- _TASK BRIEF_:
Please state the number of lines in the listing that contain the word "cases", and nothing else.

- _PROVIDED RECORDS_:
definition Pr_term :: "('l, 'v) cfg \<Rightarrow> real" where
  "Pr_term G = (INF s \<in> {s. valid_sched G s}. term_prob_sched G s)"

definition inductive_invariant :: "('l, 'v) cfg \<Rightarrow> ('l, 'v) state set \<Rightarrow> bool" where
  "inductive_invariant G I \<longleftrightarrow> I \<subseteq> states G \<and> (\<forall>\<sigma>\<in>I. succs G \<sigma> \<subseteq> I)"

definition supermartingale :: "('l, 'v) cfg \<Rightarrow> ('l, 'v) state set \<Rightarrow> (('l, 'v) state \<Rightarrow> real) \<Rightarrow> bool" where
  "supermartingale G I f \<longleftrightarrow>
     (\<forall>\<sigma>\<in>I. \<sigma> \<noteq> term_state G \<longrightarrow>
        (if kind G (fst \<sigma>) = Prob
         then f \<sigma> \<ge> (\<Sum>t\<in>enabled G (fst \<sigma>) (snd \<sigma>). prb G t (snd \<sigma>) * f (post G t (snd \<sigma>)))
         else (\<forall>\<sigma>'\<in>succs G \<sigma>. f \<sigma> \<ge> f \<sigma>')))"

end

theory Submission
  imports Defs
begin

(* Call a state stopped at level r if it is terminal or V exceeds r. For every scheduler, the
   probability of hitting a set T within n steps is at least min_reach G T n, the value iteration
   of the reachability game in which the scheduler tries to avoid T. Below level r the
   ranking U is bounded by some B, and every step decreases U surely (assignment and
   nondeterministic states) or with probability at least eps (probabilistic states); so the stopped
   states are hit within B steps with probability at least eps^B from everywhere, and restarting
   after each block of B steps gives probability at least 1 - (1 - eps^B)^k within kB steps. Since
   V is a nonnegative supermartingale vanishing at the terminal state, stopping through V > r
   instead of terminating has probability at most V(init)/r. Letting k and r grow, termination has
   probability 1 under every scheduler. *)

lemma finite_enabled: "wf_cfg G \<Longrightarrow> finite (enabled G l x)"
  unfolding wf_cfg_def enabled_def
  by (auto intro: finite_subset[of _ "locs G \<times> locs G"])

lemma enabled_nonempty: "wf_cfg G \<Longrightarrow> l \<in> locs G \<Longrightarrow> enabled G l x \<noteq> {}"
  unfolding wf_cfg_def by auto

lemma enabled_in_locs: "wf_cfg G \<Longrightarrow> t \<in> enabled G l x \<Longrightarrow> l \<in> locs G"
  unfolding wf_cfg_def enabled_def by auto

lemma prb_pos: "wf_cfg G \<Longrightarrow> kind G l = Prob \<Longrightarrow> t \<in> enabled G l x \<Longrightarrow> 0 < prb G t x"
  using enabled_in_locs[of G t l x] unfolding wf_cfg_def enabled_def by auto

lemma sum_prb_eq_1:
  "wf_cfg G \<Longrightarrow> l \<in> locs G \<Longrightarrow> kind G l = Prob \<Longrightarrow> (\<Sum>t\<in>enabled G l x. prb G t x) = 1"
  unfolding wf_cfg_def by auto

lemma enabled_Assign_singleton:
  assumes wf: "wf_cfg G" and l: "l \<in> locs G" and Assign: "kind G l = Assign"
  obtains t where "enabled G l x = {t}"
proof -
  have "finite {t \<in> trans G. fst t = l}"
    using wf unfolding wf_cfg_def by (auto intro: finite_subset[of _ "locs G \<times> locs G"])
  moreover have "card {t \<in> trans G. fst t = l} \<le> 1"
    using wf l Assign unfolding wf_cfg_def by auto
  ultimately have "\<forall>t1\<in>enabled G l x. \<forall>t2\<in>enabled G l x. t1 = t2"
    unfolding enabled_def by (auto simp: card_le_Suc0_iff_eq)
  with enabled_nonempty[OF wf l] show thesis
    using that by blast
qed

lemma finite_succs: "wf_cfg G \<Longrightarrow> finite (succs G \<sigma>)"
  unfolding succs_def by (simp add: finite_enabled)

lemma succs_nonempty: "wf_cfg G \<Longrightarrow> \<sigma> \<in> states G \<Longrightarrow> succs G \<sigma> \<noteq> {}"
  unfolding succs_def states_def by (simp add: enabled_nonempty)

lemma post_in_succs: "t \<in> enabled G (fst \<sigma>) (snd \<sigma>) \<Longrightarrow> post G t (snd \<sigma>) \<in> succs G \<sigma>"
  unfolding succs_def by auto

lemma valid_sched_exists:
  assumes wf: "wf_cfg G"
  shows "\<exists>s. valid_sched G s"
proof -
  have "valid_sched G (\<lambda>\<pi>. SOME \<sigma>'. \<sigma>' \<in> succs G (last \<pi>))"
    unfolding valid_sched_def using succs_nonempty[OF wf] by (auto simp: some_in_eq)
  then show ?thesis by blast
qed

definition expectation ::
  "('l, 'v) cfg \<Rightarrow> (('l, 'v) state \<Rightarrow> real) \<Rightarrow> ('l, 'v) state \<Rightarrow> real" where
  "expectation G w \<sigma> =
     (\<Sum>t\<in>enabled G (fst \<sigma>) (snd \<sigma>). prb G t (snd \<sigma>) * w (post G t (snd \<sigma>)))"

lemma expectation_lincomb:
  "expectation G (\<lambda>\<sigma>'. a * f \<sigma>' + b * g \<sigma>') \<sigma> = a * expectation G f \<sigma> + b * expectation G g \<sigma>"
  unfolding expectation_def by (simp add: sum.distrib sum_distrib_left algebra_simps)

lemma expectation_const:
  "wf_cfg G \<Longrightarrow> fst \<sigma> \<in> locs G \<Longrightarrow> kind G (fst \<sigma>) = Prob \<Longrightarrow> expectation G (\<lambda>_. c) \<sigma> = c"
  unfolding expectation_def by (simp add: sum_distrib_right[symmetric] sum_prb_eq_1)

lemma expectation_mono:
  assumes "wf_cfg G" "kind G (fst \<sigma>) = Prob" "\<And>\<sigma>'. \<sigma>' \<in> succs G \<sigma> \<Longrightarrow> f \<sigma>' \<le> g \<sigma>'"
  shows "expectation G f \<sigma> \<le> expectation G g \<sigma>"
  unfolding expectation_def
proof (rule sum_mono)
  fix t assume t: "t \<in> enabled G (fst \<sigma>) (snd \<sigma>)"
  show "prb G t (snd \<sigma>) * f (post G t (snd \<sigma>)) \<le> prb G t (snd \<sigma>) * g (post G t (snd \<sigma>))"
    using assms(3)[OF post_in_succs[OF t]] prb_pos[OF assms(1,2) t] by (intro mult_left_mono) auto
qed

lemma reach_term: "last \<pi> = term_state G \<Longrightarrow> reach G s n \<pi> = 1"
  by (cases n) simp_all

lemma reach_Suc_Prob:
  "last \<pi> \<noteq> term_state G \<Longrightarrow> kind G (fst (last \<pi>)) = Prob \<Longrightarrow>
   reach G s (Suc n) \<pi> = expectation G (\<lambda>\<sigma>'. reach G s n (\<pi> @ [\<sigma>'])) (last \<pi>)"
  by (cases "last \<pi>") (simp add: expectation_def)

lemma reach_Suc_not_Prob:
  assumes wf: "wf_cfg G" and s: "valid_sched G s" and \<pi>: "\<pi> \<noteq> []" "last \<pi> \<in> states G"
    and nonterm: "last \<pi> \<noteq> term_state G" and kind: "kind G (fst (last \<pi>)) \<noteq> Prob"
  obtains \<sigma>' where "\<sigma>' \<in> succs G (last \<pi>)" "reach G s (Suc n) \<pi> = reach G s n (\<pi> @ [\<sigma>'])"
proof (cases "kind G (fst (last \<pi>))")
  case NonDet
  then show thesis
    using that[of "s \<pi>"] s \<pi> nonterm unfolding valid_sched_def by (cases "last \<pi>") auto
next
  case Assign
  obtain l x where lx: "last \<pi> = (l, x)" by fastforce
  with \<pi> obtain t where "enabled G l x = {t}"
    using enabled_Assign_singleton[OF wf _ Assign] unfolding states_def by auto
  then show thesis
    using that[of "post G t x"] lx nonterm Assign by (simp add: succs_def)
qed (use kind in simp)

definition min_reach_step ::
  "('l, 'v) cfg \<Rightarrow> ('l, 'v) state set \<Rightarrow> (('l, 'v) state \<Rightarrow> real) \<Rightarrow> ('l, 'v) state \<Rightarrow> real" where
  "min_reach_step G T w \<sigma> =
     (if \<sigma> \<in> T then 1
      else if kind G (fst \<sigma>) = Prob then expectation G w \<sigma>
      else Min (w ` succs G \<sigma>))"

definition min_reach :: "('l, 'v) cfg \<Rightarrow> ('l, 'v) state set \<Rightarrow> nat \<Rightarrow> ('l, 'v) state \<Rightarrow> real" where
  "min_reach G T n = (min_reach_step G T ^^ n) (\<lambda>\<sigma>. of_bool (\<sigma> \<in> T))"

lemma min_reach_0: "min_reach G T 0 \<sigma> = of_bool (\<sigma> \<in> T)"
  by (simp add: min_reach_def)

lemma min_reach_Suc: "min_reach G T (Suc n) = min_reach_step G T (min_reach G T n)"
  by (simp add: min_reach_def)

lemma min_reach_add: "min_reach G T (m + n) = (min_reach_step G T ^^ m) (min_reach G T n)"
  by (simp add: min_reach_def funpow_add)

lemma min_reach_target: "\<sigma> \<in> T \<Longrightarrow> min_reach G T n \<sigma> = 1"
  by (cases n) (simp_all add: min_reach_def min_reach_step_def)

definition stop_set :: "('l, 'v) cfg \<Rightarrow> (('l, 'v) state \<Rightarrow> real) \<Rightarrow> real \<Rightarrow> ('l, 'v) state set" where
  "stop_set G V r = insert (term_state G) {\<sigma>. r < V \<sigma>}"

locale cfg_invariant =
  fixes G :: "('l, 'v) cfg" and Inv :: "('l, 'v) state set"
  assumes wf: "wf_cfg G"
    and inv: "inductive_invariant G Inv"
begin

lemma Inv_states: "\<sigma> \<in> Inv \<Longrightarrow> \<sigma> \<in> states G"
  using inv unfolding inductive_invariant_def by auto

lemma Inv_locs: "\<sigma> \<in> Inv \<Longrightarrow> fst \<sigma> \<in> locs G"
  using Inv_states unfolding states_def by simp

lemma succs_Inv: "\<sigma> \<in> Inv \<Longrightarrow> \<sigma>' \<in> succs G \<sigma> \<Longrightarrow> \<sigma>' \<in> Inv"
  using inv unfolding inductive_invariant_def by auto

lemma le_Min_succs_iff:
  "\<sigma> \<in> Inv \<Longrightarrow> c \<le> Min (w ` succs G \<sigma>) \<longleftrightarrow> (\<forall>\<sigma>'\<in>succs G \<sigma>. c \<le> w \<sigma>')"
  using finite_succs[OF wf] succs_nonempty[OF wf Inv_states] by simp

lemma Min_succs_le: "\<sigma>' \<in> succs G \<sigma> \<Longrightarrow> Min (w ` succs G \<sigma>) \<le> w \<sigma>'"
  using finite_succs[OF wf] by simp

lemma reach_bounds:
  assumes "valid_sched G s" "\<pi> \<noteq> []" "last \<pi> \<in> Inv"
  shows "0 \<le> reach G s n \<pi> \<and> reach G s n \<pi> \<le> 1"
  using assms(2,3)
proof (induction n arbitrary: \<pi>)
  case 0
  then show ?case by simp
next
  case (Suc n)
  have IH: "0 \<le> reach G s n (\<pi> @ [\<sigma>']) \<and> reach G s n (\<pi> @ [\<sigma>']) \<le> 1"
    if "\<sigma>' \<in> succs G (last \<pi>)" for \<sigma>'
    using Suc.IH succs_Inv[OF Suc.prems(2) that] by simp
  consider "last \<pi> = term_state G" | "last \<pi> \<noteq> term_state G" "kind G (fst (last \<pi>)) = Prob"
    | "last \<pi> \<noteq> term_state G" "kind G (fst (last \<pi>)) \<noteq> Prob"
    by blast
  then show ?case
  proof cases
    case 1
    then show ?thesis by (simp add: reach_term)
  next
    case 2
    have "expectation G (\<lambda>_. 0) (last \<pi>) \<le> expectation G (\<lambda>\<sigma>'. reach G s n (\<pi> @ [\<sigma>'])) (last \<pi>)"
      "expectation G (\<lambda>\<sigma>'. reach G s n (\<pi> @ [\<sigma>'])) (last \<pi>) \<le> expectation G (\<lambda>_. 1) (last \<pi>)"
      using IH by (auto intro!: expectation_mono wf 2)
    then show ?thesis
      unfolding reach_Suc_Prob[OF 2]
      using 2 Inv_locs[OF Suc.prems(2)] by (simp add: expectation_const wf)
  next
    case 3
    then obtain \<sigma>' where "\<sigma>' \<in> succs G (last \<pi>)" "reach G s (Suc n) \<pi> = reach G s n (\<pi> @ [\<sigma>'])"
      using reach_Suc_not_Prob[OF wf assms(1) Suc.prems(1) Inv_states[OF Suc.prems(2)]] by blast
    then show ?thesis using IH by simp
  qed
qed

lemma min_reach_step_affine:
  assumes "0 \<le> a" "a + b \<le> 1" "\<forall>\<sigma>\<in>Inv. a * w' \<sigma> + b \<le> w \<sigma>"
  shows "\<forall>\<sigma>\<in>Inv. a * min_reach_step G T w' \<sigma> + b \<le> min_reach_step G T w \<sigma>"
proof
  fix \<sigma> assume \<sigma>: "\<sigma> \<in> Inv"
  have succ: "a * w' \<sigma>' + b \<le> w \<sigma>'" if "\<sigma>' \<in> succs G \<sigma>" for \<sigma>'
    using assms(3) succs_Inv[OF \<sigma> that] by blast
  consider "\<sigma> \<in> T" | "\<sigma> \<notin> T" "kind G (fst \<sigma>) = Prob" | "\<sigma> \<notin> T" "kind G (fst \<sigma>) \<noteq> Prob"
    by blast
  then show "a * min_reach_step G T w' \<sigma> + b \<le> min_reach_step G T w \<sigma>"
  proof cases
    case 1
    then show ?thesis using assms(2) by (simp add: min_reach_step_def)
  next
    case 2
    have "a * expectation G w' \<sigma> + b = expectation G (\<lambda>\<sigma>'. a * w' \<sigma>' + b * 1) \<sigma>"
      using expectation_lincomb[of G a w' b "\<lambda>_. 1" \<sigma>] expectation_const[OF wf Inv_locs[OF \<sigma>] 2(2)]
      by simp
    also have "\<dots> \<le> expectation G w \<sigma>"
      using succ by (simp add: expectation_mono wf 2)
    finally show ?thesis using 2 by (simp add: min_reach_step_def)
  next
    case 3
    have "a * Min (w' ` succs G \<sigma>) + b \<le> w \<sigma>'" if "\<sigma>' \<in> succs G \<sigma>" for \<sigma>'
    proof -
      have "a * Min (w' ` succs G \<sigma>) \<le> a * w' \<sigma>'"
        using Min_succs_le[OF that] assms(1) by (rule mult_left_mono)
      then show ?thesis using succ[OF that] by linarith
    qed
    then have "a * Min (w' ` succs G \<sigma>) + b \<le> Min (w ` succs G \<sigma>)"
      using le_Min_succs_iff[OF \<sigma>] by blast
    then show ?thesis using 3 by (simp add: min_reach_step_def)
  qed
qed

- _SOLUTION_:
7